Zhou Yufeng, Cheng Jiahao, Wu Changzhi, Teo Kok Lay
Research Center for Economy of Upper Reaches of the Yangtze River, Chongqing Technology and Business University, Chongqing, 400067 China.
School of Business Administration, Chongqing Technology and Business University, Chongqing, 400067 China.
Complex Intell Systems. 2023 Feb 24:1-19. doi: 10.1007/s40747-023-00976-x.
The problem of blood transshipment and allocation in the context of the COVID-19 epidemic has many new characteristics, such as two-stage, trans-regional, and multi-modal transportation.
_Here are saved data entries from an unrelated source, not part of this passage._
(* Let $H=(V,F)$ be a finite hypergraph with directed edge set $\vec{E}$, let $(r_e)_{e\in\vec E}$ be positive integers, and let $\boldsymbol{u}=\{u_{e'\rightharpoonup e}\}$ be matrix weights with $u_{e'\rightharpoonup e}\in\mathbb{C}^{r_e\times r_{e'}}$ for every pair $e'\rightharpoonup e$. Let $\mathcal{M}(\boldsymbol{u})$ be the linear operator on $\bigoplus_{e\in\vec E}\mathbb{C}^{r_e}$ given by $$(\mathcal{M}(\boldsymbol{u})f)(e)=\sum_{e':\,e'\rightharpoonup e}u_{e'\rightharpoonup e}f(e').$$ Then $$\zeta_H(\boldsymbol{u})^{-1}=\det\big(I-\mathcal{M}(\boldsymbol{u})\big),$$ where the identity is understood as an identity of formal power series in the entries of the matrices $u_{e'\rightharpoonup e}$.
   Context: A finite hypergraph $H=(V,F)$ consists of a finite set $V$ and a finite set $F$ of nonempty subsets of $V$. Its directed edge set is $\vec E=\{(\alpha\to i):\alpha\in F,\ i\in\alpha\}$; for $e=(\alpha\to i)$ put $s(e)=\alpha$, $t(e)=i$. For $e,e'\in\vec E$ write $e'\rightharpoonup e$ if $t(e')\in s(e)$, $t(e')\neq t(e)$ and $s(e')\neq s(e)$. A closed geodesic is a sequence $(e_1,\dots,e_k)$, $k\ge1$, of directed edges with $e_l\rightharpoonup e_{l+1}$ for all $l\in\mathbb{Z}/k\mathbb{Z}$; it is prime if it is not the $m$-fold repetition of a shorter closed geodesic for some $m\ge2$; a prime cycle is an equivalence class of prime closed geodesics under cyclic permutation, and $\mathfrak{P}_H$ denotes the set of prime cycles. For $\mathfrak p=(e_1,\dots,e_k)$ set $\pi(\mathfrak p)=u_{e_k\rightharpoonup e_1}\cdots u_{e_2\rightharpoonup e_3}u_{e_1\rightharpoonup e_2}\in\mathbb{C}^{r_{e_1}\times r_{e_1}}$. The graph zeta function is $\zeta_H(\boldsymbol u)=\prod_{\mathfrak p\in\mathfrak P_H}\det(I-\pi(\mathfrak p))^{-1}$ (the determinant is independent of the representative of $\mathfrak p$). *)

theory Defs
  imports "Jordan_Normal_Form.Determinant" "HOL-Computational_Algebra.Formal_Power_Series"
begin

type_synonym 'v dedge = "'v set \<times> 'v"

text \<open>Directed edges (alpha -> i) are pairs (alpha, i); s = fst, t = snd.\<close>
definition dedges :: "'v set set \<Rightarrow> 'v dedge set" where
  "dedges F = {(\<alpha>, i). \<alpha> \<in> F \<and> i \<in> \<alpha>}"

definition feeds :: "'v dedge \<Rightarrow> 'v dedge \<Rightarrow> bool" where
  "feeds e' e \<longleftrightarrow> snd e' \<in> fst e \<and> snd e' \<noteq> snd e \<and> fst e' \<noteq> fst e"

definition closed_geodesic :: "'v set set \<Rightarrow> 'v dedge list \<Rightarrow> bool" where
  "closed_geodesic F c \<longleftrightarrow> c \<noteq> [] \<and> set c \<subseteq> dedges F \<and>
     (\<forall>l < length c. feeds (c ! l) (c ! (Suc l mod length c)))"

definition prime_geodesic :: "'v set set \<Rightarrow> 'v dedge list \<Rightarrow> bool" where
  "prime_geodesic F c \<longleftrightarrow> closed_geodesic F c \<and>
     \<not> (\<exists>d m. m \<ge> 2 \<and> c = concat (replicate m d))"

definition cyc_class :: "'a list \<Rightarrow> 'a list set" where
  "cyc_class c = (\<lambda>n. rotate n c) ` {..<length c}"

definition prime_cycles :: "'v set set \<Rightarrow> 'v dedge list set set" where
  "prime_cycles F = cyc_class ` {c. prime_geodesic F c}"

definition cyc_len :: "'a list set \<Rightarrow> nat" where
  "cyc_len P = length (SOME c. c \<in> P)"

text \<open>pi_aux ... l = u_{e_l -> e_{l+1}} ... u_{e_1 -> e_2} (0-based indices, cyclic).\<close>
primrec pi_aux :: "('v dedge \<Rightarrow> nat) \<Rightarrow> ('v dedge \<Rightarrow> 'v dedge \<Rightarrow> complex mat)
    \<Rightarrow> 'v dedge list \<Rightarrow> nat \<Rightarrow> complex mat" where
  "pi_aux r u c 0 = 1\<^sub>m (r (hd c))"
| "pi_aux r u c (Suc l) = u (c ! l) (c ! (Suc l mod length c)) * pi_aux r u c l"

definition pi_mat :: "('v dedge \<Rightarrow> nat) \<Rightarrow> ('v dedge \<Rightarrow> 'v dedge \<Rightarrow> complex mat)
    \<Rightarrow> 'v dedge list \<Rightarrow> complex mat" where
  "pi_mat r u c = pi_aux r u c (length c)"

text \<open>det(I - t^k pi(p)) as a formal power series in the scaling variable t.\<close>
definition cycle_factor :: "('v dedge \<Rightarrow> nat) \<Rightarrow> ('v dedge \<Rightarrow> 'v dedge \<Rightarrow> complex mat)
    \<Rightarrow> 'v dedge list set \<Rightarrow> complex fps" where
  "cycle_factor r u P = (let c = (SOME c. c \<in> P); A = pi_mat r u c in
     det (1\<^sub>m (dim_row A) - map_mat (\<lambda>x. fps_X ^ length c * fps_const x) A))"

text \<open>Zeta function (with weights t*u) as an infinite product of formal power series:
  the n-th coefficient is that of the finite product over prime cycles of length <= n.\<close>
definition zeta_fps :: "'v set set \<Rightarrow> ('v dedge \<Rightarrow> nat) \<Rightarrow> ('v dedge \<Rightarrow> 'v dedge \<Rightarrow> complex mat)
    \<Rightarrow> complex fps" where
  "zeta_fps F r u = Abs_fps (\<lambda>n. fps_nth
     (\<Prod>P \<in> {P \<in> prime_cycles F. cyc_len P \<le> n}. inverse (cycle_factor r u P)) n)"

text \<open>Basis of the direct sum: pairs (e, j), j < r e, with edges ordered by the list es.\<close>
definition block_index :: "('v dedge \<Rightarrow> nat) \<Rightarrow> 'v dedge list \<Rightarrow> ('v dedge \<times> nat) list" where
  "block_index r es = concat (map (\<lambda>e. map (\<lambda>j. (e, j)) [0..<r e]) es)"

definition M_mat :: "('v dedge \<Rightarrow> nat) \<Rightarrow> ('v dedge \<Rightarrow> 'v dedge \<Rightarrow> complex mat)
    \<Rightarrow> 'v dedge list \<Rightarrow> complex mat" where
  "M_mat r u es = (let ix = block_index r es; N = length ix in
     mat N N (\<lambda>(a, b). if feeds (fst (ix ! b)) (fst (ix ! a))
        then u (fst (ix ! b)) (fst (ix ! a)) $$ (snd (ix ! a), snd (ix ! b)) else 0))"

end

theory Submission
  imports Defs "Jordan_Normal_Form.Schur_Decomposition"
begin

text \<open>
  Scale every weight by a formal variable \<open>X\<close>. Over \<open>\<complex>\<close>, both \<open>det (I - X M)\<close> and each
  factor \<open>det (I - X\<^sup>|\<^sup>P\<^sup>| \<pi>(P))\<close> split into factors \<open>1 - c X\<^sup>k\<close> indexed by eigenvalues, and
  by Newton's identities such a product is determined, up to degree \<open>n\<close>, by its power sums
  \<open>\<Sum> k c\<^sup>m\<^sup>/\<^sup>k\<close> for \<open>m \<le> n\<close>. For the determinant the \<open>m\<close>-th power sum is \<open>tr M\<^sup>m\<close>, which expands
  along walks into the sum of \<open>tr \<pi>(c)\<close> over closed geodesics \<open>c\<close> of length \<open>m\<close>. Every closed
  geodesic is uniquely a power \<open>d\<^sup>q\<close> of a prime geodesic, \<open>\<pi>(d\<^sup>q) = \<pi>(d)\<^sup>q\<close>, and \<open>tr \<pi>(d)\<^sup>q\<close>
  does not change under rotation of \<open>d\<close>; grouping by prime cycles gives
  \<open>\<Sum>\<^bsub>|P| dvd m\<^esub> |P| tr \<pi>(P)\<^sup>m\<^sup>/\<^sup>|\<^sup>P\<^sup>|\<close>, the \<open>m\<close>-th power sum of the product of the factors of all
  prime cycles of length at most \<open>n\<close>.
\<close>

section \<open>Products of factors \<open>1 - c X\<^sup>k\<close> and their power sums\<close>

definition factor_prod :: "(complex \<times> nat) list \<Rightarrow> complex fps" where
  "factor_prod L = (\<Prod>(c, k)\<leftarrow>L. 1 - fps_const c * fps_X ^ k)"
lemma top_k_unique:
  assumes fin: "finite X" and inj: "inj_on f X"
    and L: "distinct L" "set L \<subseteq> X" "length L = min k (card X)"
      "sorted_wrt (\<lambda>a b. f b < f a) L" "\<forall>x\<in>set L. \<forall>y\<in>X - set L. f y < f x"
  shows "L = top_k k f X"
proof -
  let ?T = "top_k k f X"
  have card_eq: "card (set L) = card (set ?T)"
    using L(1,3) fin by (simp add: distinct_card length_top_k distinct_top_k)
  have set_eq: "set L = set ?T"
  proof (rule ccontr)
    assume "set L \<noteq> set ?T"
    then obtain x y where "x \<in> set L" "x \<notin> set ?T" "y \<in> set ?T" "y \<notin> set L"
      using card_eq by (metis card_subset_eq finite_set subsetI)
    then have "f y < f x" "f x < f y"
      using L(2,5) top_k_dominates[OF fin inj] set_top_k_subset by blast+
    then show False by simp
  qed
  have "sorted_wrt (<) (rev (map f L))" "sorted_wrt (<) (rev (map f ?T))"
    using L(4) sorted_wrt_top_k[OF fin inj] by (simp_all add: sorted_wrt_map sorted_wrt_rev)
  then have "map f L = map f ?T"
    using strict_sorted_equal set_eq by (metis rev_swap set_map set_rev)
  moreover have "inj_on f (set L \<union> set ?T)"
    using inj L(2) set_top_k_subset by (blast intro: inj_on_subset)
  ultimately show ?thesis using inj_on_map_eq_map by blast
qed

lemma mem_top_k_iff:
  assumes fin: "finite X" and inj: "inj_on f X"
  shows "x \<in> set (top_k k f X) \<longleftrightarrow> x \<in> X \<and> card {y\<in>X. f x < f y} < k"
proof
  let ?T = "top_k k f X"
  assume x: "x \<in> set ?T"
  have "{y\<in>X. f x < f y} \<subseteq> set ?T - {x}"
    using top_k_dominates[OF fin inj x] by fastforce
  then have "card {y\<in>X. f x < f y} \<le> card (set ?T - {x})"
    by (intro card_mono) simp_all
  also have "\<dots> = length ?T - 1"
    using x distinct_top_k[OF fin, of k f] by (simp add: distinct_card)
  also have "\<dots> < k"
    using x length_top_k[OF fin, of k f] by (cases "length ?T") auto
  finally show "x \<in> X \<and> card {y\<in>X. f x < f y} < k"
    using x set_top_k_subset by blast
next
  let ?T = "top_k k f X"
  assume x: "x \<in> X \<and> card {y\<in>X. f x < f y} < k"
  show "x \<in> set ?T"
  proof (rule ccontr)
    assume x_out: "x \<notin> set ?T"
    then have "set ?T \<subseteq> {y\<in>X. f x < f y}"
      using x top_k_dominates[OF fin inj] set_top_k_subset by blast
    then have "card (set ?T) \<le> card {y\<in>X. f x < f y}"
      using fin by (intro card_mono) simp_all
    then have "card (set ?T) < k" using x by linarith
    then have "card (set ?T) = card X"
      using length_top_k[OF fin, of k f] distinct_top_k[OF fin, of k f] by (simp add: distinct_card)
    then have "set ?T = X"
      using fin set_top_k_subset by (metis card_subset_eq)
    then show False using x x_out by blast
  qed
qed

lemma mem_top_k_subset:
  assumes "finite X" "inj_on f X" "Y \<subseteq> X" "x \<in> Y" "x \<in> set (top_k k f X)"
  shows "x \<in> set (top_k k f Y)"
proof -
  have "card {y\<in>Y. f x < f y} \<le> card {y\<in>X. f x < f y}"
    using assms(1,3) by (intro card_mono) auto
  moreover have "finite Y" "inj_on f Y"
    using assms(1-3) finite_subset inj_on_subset by blast+
  ultimately show ?thesis
    using assms(4,5) mem_top_k_iff[OF assms(1,2)] mem_top_k_iff[of Y f] by fastforce
qed

lemma top_k_subset_eq:
  assumes fin: "finite X" and inj: "inj_on f X"
    and Y: "set (top_k k f X) \<subseteq> Y" "Y \<subseteq> X"
  shows "top_k k f Y = top_k k f X"
proof -
  let ?T = "top_k k f X"
  have finY: "finite Y" using fin Y(2) finite_subset by blast
  have "length ?T = min k (card Y)"
  proof (cases "card X \<le> k")
    case True
    then have "set ?T = X"
      using length_top_k[OF fin] distinct_top_k[OF fin, of k f] set_top_k_subset fin
      by (metis card_subset_eq distinct_card min_absorb2)
    then show ?thesis using True Y length_top_k[OF fin, of k f] by auto
  next
    case False
    then have "k \<le> card Y"
      using length_top_k[OF fin] distinct_top_k[OF fin, of k f] Y(1) finY
      by (metis card_mono distinct_card min_def nle_le)
    then show ?thesis using False length_top_k[OF fin, of k f] by simp
  qed
  then have "?T = top_k k f Y"
    using top_k_unique[OF finY inj_on_subset[OF inj Y(2)]] distinct_top_k[OF fin, of k f] Y
      sorted_wrt_top_k[OF fin inj] top_k_dominates[OF fin inj] by blast
  then show ?thesis by simp
qed

lemma top_k_cong:
  assumes fin: "finite X" and inj: "inj_on f X" "inj_on g X"
    and less_iff: "\<And>x y. x \<in> X \<Longrightarrow> y \<in> X \<Longrightarrow> f x < f y \<longleftrightarrow> g x < g y"
  shows "top_k k f X = top_k k g X"
proof (rule top_k_unique[OF fin inj(2)])
  let ?T = "top_k k f X"
  show "distinct ?T" "set ?T \<subseteq> X" "length ?T = min k (card X)"
    using fin by (simp_all add: distinct_top_k set_top_k_subset length_top_k)
  have T_sub: "set ?T \<subseteq> X" by (rule set_top_k_subset)
  show "sorted_wrt (\<lambda>a b. g b < g a) ?T"
    by (rule sorted_wrt_mono_rel[OF _ sorted_wrt_top_k[OF fin inj(1)]])
      (use T_sub less_iff in blast)
  show "\<forall>x\<in>set ?T. \<forall>y\<in>X - set ?T. g y < g x"
  proof (intro ballI)
    fix x y assume "x \<in> set ?T" "y \<in> X - set ?T"
    then show "g y < g x"
      using top_k_dominates[OF fin inj(1)] less_iff T_sub by blast
  qed
qed

lemma less_iff_of_top_k_eq:
  assumes fin: "finite X" and inj: "inj_on f X" "inj_on g X"
    and eq: "top_k k f X = top_k k g X" and x: "x \<in> set (top_k k f X)" and y: "y \<in> X"
  shows "f x < f y \<longleftrightarrow> g x < g y"
proof (cases "y \<in> set (top_k k f X)")
  case False
  then show ?thesis
    using top_k_dominates[OF fin inj(1) x] top_k_dominates[OF fin inj(2)] x y eq
    by (metis DiffI less_asym)
next
  case True
  let ?T = "top_k k f X"
  obtain i j where "i < length ?T" "?T ! i = x" "j < length ?T" "?T ! j = y"
    using x True by (meson in_set_conv_nth)
  moreover have "sorted_wrt (\<lambda>a b. f b < f a) ?T"
    using sorted_wrt_top_k[OF fin inj(1)] .
  moreover have "sorted_wrt (\<lambda>a b. g b < g a) ?T"
    using sorted_wrt_top_k[OF fin inj(2), of k] by (simp only: eq)
  ultimately show ?thesis
    by (cases i j rule: linorder_cases) (auto simp: sorted_wrt_iff_nth_less dest: order.asym)
qed

lemma top_k_Times_singleton:
  fixes A :: "'r::linorder \<Rightarrow> 'c::linorder \<Rightarrow> 'a::linorder"
  assumes fin: "finite X" and inj: "inj_on (A r) X"
  shows "top_k k (case_prod A) ({r} \<times> X) = map (Pair r) (top_k k (A r) X)"
proof (rule top_k_unique[symmetric])
  let ?T = "top_k k (A r) X"
  show "finite ({r} \<times> X)" "inj_on (case_prod A) ({r} \<times> X)"
    using fin inj by (auto simp: inj_on_def)
  show "distinct (map (Pair r) ?T)" "set (map (Pair r) ?T) \<subseteq> {r} \<times> X"
    using distinct_top_k[OF fin, of k "A r"] set_top_k_subset[of k "A r" X]
    by (auto simp: distinct_map inj_on_def)
  show "length (map (Pair r) ?T) = min k (card ({r} \<times> X))"
    using length_top_k[OF fin] by (simp add: card_cartesian_product_singleton)
  show "sorted_wrt (\<lambda>a b. case_prod A b < case_prod A a) (map (Pair r) ?T)"
    using sorted_wrt_top_k[OF fin inj] by (simp add: sorted_wrt_map)
  show "\<forall>x\<in>set (map (Pair r) ?T). \<forall>y\<in>{r} \<times> X - set (map (Pair r) ?T).
      case_prod A y < case_prod A x"
    using top_k_dominates[OF fin inj] by auto
qed
lemma mirror_UN_lb_constrs:
  "mirror_val ` (\<Union>\<psi>\<in>lower_constrs C. models (lb_constrs C \<psi>)) =
    (\<Union>\<psi>\<in>U_Temp (mirror_constr ` C). models (ub_constrs (mirror_constr ` C) \<psi>))"
  by (simp add: U_Temp_mirror image_UN ub_constrs_mirror models_mirror)

lemma mirror_Sup_undelays:
  fixes C :: "('x, 'p::finite) constr set"
  defines "C' \<equiv> mirror_constr ` C"
  shows "mirror_val `
      {undelay v d | v d. v \<in> models C \<and> bdd_above (undelay_set C v) \<and> d = Sup (undelay_set C v)} =
    {delay v d | v d. v \<in> models C' \<and> bdd_above (delay_set C' v) \<and> d = Sup (delay_set C' v)}"
proof (intro set_eqI iffI)
  fix w assume "w \<in> mirror_val `
      {undelay v d | v d. v \<in> models C \<and> bdd_above (undelay_set C v) \<and> d = Sup (undelay_set C v)}"
  then obtain v where "v \<in> models C" "bdd_above (undelay_set C v)"
    "w = mirror_val (undelay v (Sup (undelay_set C v)))"
    by blast
  then have "mirror_val v \<in> models C'" "bdd_above (delay_set C' (mirror_val v))"
    "w = delay (mirror_val v) (Sup (delay_set C' (mirror_val v)))"
    by (simp_all add: C'_def mirror_val_in_models delay_set_mirror delay_mirror_val)
  then show "w \<in> {delay v d | v d. v \<in> models C' \<and> bdd_above (delay_set C' v) \<and> d = Sup (delay_set C' v)}"
    by blast
next
  fix w assume "w \<in> {delay v d | v d. v \<in> models C' \<and> bdd_above (delay_set C' v) \<and> d = Sup (delay_set C' v)}"
  then obtain v where v: "v \<in> models C'" "bdd_above (delay_set C' v)" "w = delay v (Sup (delay_set C' v))"
    by blast
  obtain u where u: "v = mirror_val u"
    using mirror_val_mirror_val by metis
  from v have "u \<in> models C" "bdd_above (undelay_set C u)"
    "w = mirror_val (undelay u (Sup (undelay_set C u)))"
    unfolding u by (simp_all add: C'_def mirror_val_in_models delay_set_mirror delay_mirror_val)
  then show "w \<in> mirror_val `
      {undelay v d | v d. v \<in> models C \<and> bdd_above (undelay_set C v) \<and> d = Sup (undelay_set C v)}"
    by blast
qed

theorem lb_constrs_eq_Sup_undelays:
  assumes "finite C"
  shows "(\<Union>\<psi>\<in>lower_constrs C. models (lb_constrs C \<psi>)) =
    {undelay v d | v d. v \<in> models C \<and> bdd_above (undelay_set C v) \<and> d = Sup (undelay_set C v)}"
proof -
  have "mirror_val ` (\<Union>\<psi>\<in>lower_constrs C. models (lb_constrs C \<psi>)) = mirror_val `
      {undelay v d | v d. v \<in> models C \<and> bdd_above (undelay_set C v) \<and> d = Sup (undelay_set C v)}"
    unfolding mirror_UN_lb_constrs mirror_Sup_undelays
    using assms by (intro ub_constrs_eq_Sup_delays) simp
  then show ?thesis
    by (simp only: inj_image_eq_iff[OF inj_mirror_val])
qed

section \<open>Zones with implicit nonnegative clocks\<close>

lemma models_Diff_implied_by_Eq:
  assumes "k \<in> {Le, Eq, Ge}"
  shows "models ((S - {ClkC x k t}) \<union> {ClkC x Eq t} \<union> T) = models (S \<union> {ClkC x Eq t} \<union> T)"
  using assms by (auto simp: models_def)

lemma models_Un_clocks_nonneg:
  assumes "range (\<lambda>x. ClkC x Gt lt_zero) \<subseteq> S"
  shows "models (S \<union> clocks_nonneg) = models S"
proof -
  have "sat v c" if v: "v \<in> models S" and c: "c \<in> clocks_nonneg" for v c
  proof -
    obtain x where "c = ClkC x Ge lt_zero"
      using c by (auto simp: clocks_nonneg_def)
    moreover have "sat v (ClkC x Gt lt_zero)"
      using v assms unfolding models_def by blast
    ultimately show ?thesis
      by simp
  qed
  then show ?thesis
    by (auto simp: models_def)
qed

lemma upper_closure_eq_uclosure: "upper_closure Z = uclosure (Z \<union> clocks_nonneg)"
  by (auto simp: upper_closure_def uclosure_def clocks_nonneg_def)

lemma lower_closure_eq_lclosure: "lower_closure Z = lclosure (Z \<union> clocks_nonneg)"
  by (auto simp: lower_closure_def lclosure_def clocks_nonneg_def)

lemma U_Temp_Un_clocks_nonneg: "U_Temp (Z \<union> clocks_nonneg) = U_Temp Z"
  by (auto simp: U_Temp_def clocks_nonneg_def)

lemma L_Temp_eq_lower_constrs: "L_Temp Z = lower_constrs (Z \<union> clocks_nonneg)"
  by (auto simp: L_Temp_def lower_constrs_def clocks_nonneg_def)

lemma zone_sem_UB:
  assumes "\<psi> \<in> U_Temp Z"
  shows "zone_sem (UB Z \<psi>) = models (ub_constrs (Z \<union> clocks_nonneg) \<psi>)"
proof -
  obtain x k t where \<psi>: "\<psi> = ClkC x k t" "k \<in> {Lt, Le, Eq}"
    using assms unfolding U_Temp_def by blast
  let ?C = "Z \<union> clocks_nonneg"
  show ?thesis
  proof (cases "k = Lt")
    case strict: True
    have "zone_sem (UB Z \<psi>) = models ((uclosure ?C - {ClkC x Le t}) \<union> {ClkC x Eq t} \<union> clocks_nonneg)"
      by (simp add: \<psi> strict zone_sem_eq_models upper_closure_eq_uclosure)
    also have "\<dots> = models ((uclosure ?C \<union> {ClkC x Eq t}) \<union> clocks_nonneg)"
      by (rule models_Diff_implied_by_Eq) simp
    also have "\<dots> = models (uclosure ?C \<union> {ClkC x Eq t})"
      by (rule models_Un_clocks_nonneg) (auto simp: uclosure_def clocks_nonneg_def)
    finally show ?thesis
      by (simp add: \<psi> strict)
  next
    case nonstrict: False
    have "zone_sem (UB Z \<psi>) = models ((Z - {ClkC x Le t}) \<union> {ClkC x Eq t} \<union> clocks_nonneg)"
      by (simp only: \<psi> nonstrict UB.simps if_False zone_sem_eq_models)
    also have "\<dots> = models ((Z \<union> {ClkC x Eq t}) \<union> clocks_nonneg)"
      by (rule models_Diff_implied_by_Eq) simp
    also have "\<dots> = models (ub_constrs ?C \<psi>)"
      by (rule arg_cong[where f = models]) (auto simp: \<psi> nonstrict)
    finally show ?thesis .
  qed
qed

lemma zone_sem_LB:
  assumes "\<psi> \<in> L_Temp Z"
  shows "zone_sem (LB Z \<psi>) = models (lb_constrs (Z \<union> clocks_nonneg) \<psi>)"
proof -
  obtain x k t where \<psi>: "\<psi> = ClkC x k t" "k \<in> {Gt, Ge, Eq}"
    using assms unfolding L_Temp_def by blast
  let ?C = "Z \<union> clocks_nonneg"
  show ?thesis
  proof (cases "k = Gt")
    case strict: True
    have "zone_sem (LB Z \<psi>) = models ((lclosure ?C - {ClkC x Ge t}) \<union> {ClkC x Eq t} \<union> clocks_nonneg)"
      by (simp add: \<psi> strict zone_sem_eq_models lower_closure_eq_lclosure)
    also have "\<dots> = models ((lclosure ?C \<union> {ClkC x Eq t}) \<union> clocks_nonneg)"
      by (rule models_Diff_implied_by_Eq) simp
    also have "\<dots> = models (lb_constrs ?C \<psi>)"
      by (rule arg_cong[where f = models]) (auto simp: \<psi> strict lclosure_def clocks_nonneg_def)
    finally show ?thesis .
  next
    case nonstrict: False
    have "zone_sem (LB Z \<psi>) = models ((Z - {ClkC x Ge t}) \<union> {ClkC x Eq t} \<union> clocks_nonneg)"
      by (simp only: \<psi> nonstrict LB.simps if_False zone_sem_eq_models)
    also have "\<dots> = models ((Z \<union> {ClkC x Eq t}) \<union> clocks_nonneg)"
      by (rule models_Diff_implied_by_Eq) simp
    also have "\<dots> = models (lb_constrs ?C \<psi>)"
      by (rule arg_cong[where f = models]) (auto simp: \<psi> nonstrict)
    finally show ?thesis .
  qed
qed

theorem theorem2:
  fixes Z :: "('x::finite, 'p::finite) constr set"
  assumes "finite Z"
  shows "((\<Union>\<psi>\<in>U_Temp Z. zone_sem (UB Z \<psi>)) =
           {delay v d | v d. v \<in> zone_sem Z
              \<and> bdd_above {\<delta>. \<delta> \<ge> 0 \<and> delay v \<delta> \<in> zone_sem Z}
              \<and> d = Sup {\<delta>. \<delta> \<ge> 0 \<and> delay v \<delta> \<in> zone_sem Z}}) \<and>
         ((\<Union>\<psi>\<in>L_Temp Z. zone_sem (LB Z \<psi>)) =
           {undelay v d | v d. v \<in> zone_sem Z
              \<and> bdd_above {\<delta>. \<delta> \<ge> 0 \<and> undelay v \<delta> \<in> zone_sem Z}
              \<and> d = Sup {\<delta>. \<delta> \<ge> 0 \<and> undelay v \<delta> \<in> zone_sem Z}})"
proof -
  let ?C = "Z \<union> clocks_nonneg"
  have fin: "finite ?C"
    using assms by (simp add: clocks_nonneg_def)
  have upper: "(\<Union>\<psi>\<in>U_Temp Z. zone_sem (UB Z \<psi>)) = (\<Union>\<psi>\<in>U_Temp ?C. models (ub_constrs ?C \<psi>))"
    unfolding U_Temp_Un_clocks_nonneg by (rule SUP_cong) (simp_all add: zone_sem_UB)
  have "(\<Union>\<psi>\<in>L_Temp Z. zone_sem (LB Z \<psi>)) = (\<Union>\<psi>\<in>L_Temp Z. models (lb_constrs ?C \<psi>))"
    by (rule SUP_cong) (simp_all add: zone_sem_LB)
  then have lower: "(\<Union>\<psi>\<in>L_Temp Z. zone_sem (LB Z \<psi>)) = (\<Union>\<psi>\<in>lower_constrs ?C. models (lb_constrs ?C \<psi>))"
    by (simp only: L_Temp_eq_lower_constrs)
  show ?thesis
    unfolding upper lower zone_sem_eq_models[of Z] delay_set_def[symmetric] undelay_set_def[symmetric]
    by (intro conjI ub_constrs_eq_Sup_delays[OF fin] lb_constrs_eq_Sup_undelays[OF fin])
qed

end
Considering these new characteristics, we propose a novel multi-objective optimization model for the two-stage emergent blood transshipment-allocation. The objectives considered are to optimize the quality of transshipped blood, the satisfaction of blood demand, and the overall cost including shortage penalty. An improved integer encoded hybrid multi-objective whale optimization algorithm (MOWOA) with greedy rules is then designed to solve the model. Numerical experiments demonstrate that our two-stage model is superior to one-stage optimization methods on all objectives. The degree of improvement ranges from 0.69 to 66.26%.
在新冠疫情背景下,血液转运与分配问题呈现出诸多新特点,如分两阶段、跨区域以及多式联运等。考虑到这些新特点,我们提出了一种用于两阶段紧急血液转运-分配的新型多目标优化模型。所考虑的目标包括优化转运血液的质量、血液需求的满意度以及包括短缺惩罚在内的总成本。随后设计了一种带有贪心规则的改进整数编码混合多目标鲸鱼优化算法(MOWOA)来求解该模型。数值实验表明,我们的两阶段模型在所有目标上均优于单阶段优化方法。改进程度在0.69%至66.26%之间。